**TASK DETAILS**
Nothing outside the range is wanted. Repeat exactly the lines below from the one with "denom_pos_on_J calculation(1,2) ." through the one with "assms(1) j] .".

GIVEN ENTRIES Start Marker

lemma G_pos: "e \<in> J \<Longrightarrow> G e > 0"
  unfolding Gfun_def
proof (rule sum_pos)
  fix j assume "e \<in> J" "j \<in> {1..n}"
  moreover have "b j > 0" "\<pi> j > 0" using b_pos pi_pos \<open>j \<in> {1..n}\<close> by auto
  ultimately show "0 < b j * \<pi> j / (1 + \<gamma> * b j * e)" using denom_pos_on_J by simp
qed (use b_indices_nonempty in auto)

lemma K_pos: "e \<in> J \<Longrightarrow> K e > 0"
  unfolding K_def
proof (rule sum_pos)
  fix j assume "e \<in> J" "j \<in> {1..n}"
  moreover have "b j > 0" "\<pi> j > 0" using b_pos pi_pos \<open>j \<in> {1..n}\<close> by auto
  moreover have "1 + \<gamma> * b j * e > 0" using denom_pos_on_J calculation(1,2) .
  ultimately show "0 < \<gamma> * b j ^ 2 * \<pi> j / (1 + \<gamma> * b j * e) ^ 2"
    using gamma_pos by simp
qed (use b_indices_nonempty in auto)

lemma G_strict_antimono:
  assumes "x \<in> J" "x < y"
  shows "G y < G x"
  unfolding Gfun_def
proof (rule sum_strict_mono)
  fix j assume j: "j \<in> {1..n}"
  have bj: "b j > 0" "\<pi> j > 0" using b_pos pi_pos j by auto
  have "1 + \<gamma> * b j * x < 1 + \<gamma> * b j * y"
    using assms(2) gamma_pos bj by simp
  then show "b j * \<pi> j / (1 + \<gamma> * b j * y) < b j * \<pi> j / (1 + \<gamma> * b j * x)"
    using denom_pos_on_J[OF assms(1) j] bj by (intro divide_strict_left_mono) auto
qed (use b_indices_nonempty in auto)

lemma K_strict_antimono:
  assumes "x \<in> J" "x < y"
  shows "K y < K x"
  unfolding K_def
proof (rule sum_strict_mono)
  fix j assume j: "j \<in> {1..n}"
  have bj: "b j > 0" "\<pi> j > 0" using b_pos pi_pos j by auto
  have x: "1 + \<gamma> * b j * x > 0" using denom_pos_on_J[OF assms(1) j] .
  have "1 + \<gamma> * b j * x < 1 + \<gamma> * b j * y"
    using assms(2) gamma_pos bj by simp
  then have sq: "(1 + \<gamma> * b j * x) ^ 2 < (1 + \<gamma> * b j * y) ^ 2"
    using x by (intro power_strict_mono) auto
  have "0 < (1 + \<gamma> * b j * y) ^ 2 * (1 + \<gamma> * b j * x) ^ 2"
    using sq x by (intro mult_pos_pos) auto
  moreover have "\<gamma> * b j ^ 2 * \<pi> j > 0" using gamma_pos bj by simp
  ultimately show "\<gamma> * b j ^ 2 * \<pi> j / (1 + \<gamma> * b j * y) ^ 2 < \<gamma> * b j ^ 2 * \<pi> j / (1 + \<gamma> * b j * x) ^ 2"
    using sq by (intro divide_strict_left_mono)
qed (use b_indices_nonempty in auto)

lemma mem_I_iff: "e \<in> I lam \<longleftrightarrow> e \<in> J \<and> G e < lam / astar"
  unfolding Iset_def astar_def by simp

lemma mem_I_imp_denom_neg:
  assumes "e \<in> I lam" "i \<in> {1..p}"
  shows "a i * G e < lam"
proof -
  have e: "e \<in> J" "G e < lam / astar" using assms(1) mem_I_iff by auto
  then have "astar * G e < lam" using astar_pos by (simp add: pos_less_divide_eq mult.commute)
  moreover have "a i * G e \<le> astar * G e" using le_astar[OF assms(2)] G_pos[OF e(1)] by simp
  ultimately show ?thesis by simp
qed

lemma I_upward_closed:
  assumes "x \<in> I lam" "x \<le> y"
  shows "y \<in> I lam"
proof -
  have "x \<in> J" "G x < lam / astar" using assms(1) mem_I_iff by auto
  moreover have "G y \<le> G x"
  proof (cases "x = y")
    case False
    then show ?thesis using G_strict_antimono[OF \<open>x \<in> J\<close>, of y] assms(2) by simp
  qed simp
  ultimately show ?thesis using J_upward_closed assms(2) mem_I_iff by auto
qed

lemma F_has_derivative_on_I:
  assumes "e \<in> I lam"
  shows "(F lam has_real_derivative dF lam e) (at e)"
proof (rule F_has_derivative)
  have "e \<in> J" using assms mem_I_iff by auto
  then show "\<forall>j\<in>{1..n}. 1 + \<gamma> * b j * e \<noteq> 0" using denom_pos_on_J by force
  show "\<forall>i\<in>{1..p}. a i * G e \<noteq> lam" using mem_I_imp_denom_neg[OF assms] by force
qed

GIVEN ENTRIES End Marker

**ANSWER AREA**
  moreover have "1 + \<gamma> * b j * e > 0" using denom_pos_on_J calculation(1,2) .
  ultimately show "0 < \<gamma> * b j ^ 2 * \<pi> j / (1 + \<gamma> * b j * e) ^ 2"
    using gamma_pos by simp
qed (use b_indices_nonempty in auto)

lemma G_strict_antimono:
  assumes "x \<in> J" "x < y"
  shows "G y < G x"
  unfolding Gfun_def
proof (rule sum_strict_mono)
  fix j assume j: "j \<in> {1..n}"
  have bj: "b j > 0" "\<pi> j > 0" using b_pos pi_pos j by auto
  have "1 + \<gamma> * b j * x < 1 + \<gamma> * b j * y"
    using assms(2) gamma_pos bj by simp
  then show "b j * \<pi> j / (1 + \<gamma> * b j * y) < b j * \<pi> j / (1 + \<gamma> * b j * x)"
    using denom_pos_on_J[OF assms(1) j] bj by (intro divide_strict_left_mono) auto
qed (use b_indices_nonempty in auto)

lemma K_strict_antimono:
  assumes "x \<in> J" "x < y"
  shows "K y < K x"
  unfolding K_def
proof (rule sum_strict_mono)
  fix j assume j: "j \<in> {1..n}"
  have bj: "b j > 0" "\<pi> j > 0" using b_pos pi_pos j by auto
  have x: "1 + \<gamma> * b j * x > 0" using denom_pos_on_J[OF assms(1) j] .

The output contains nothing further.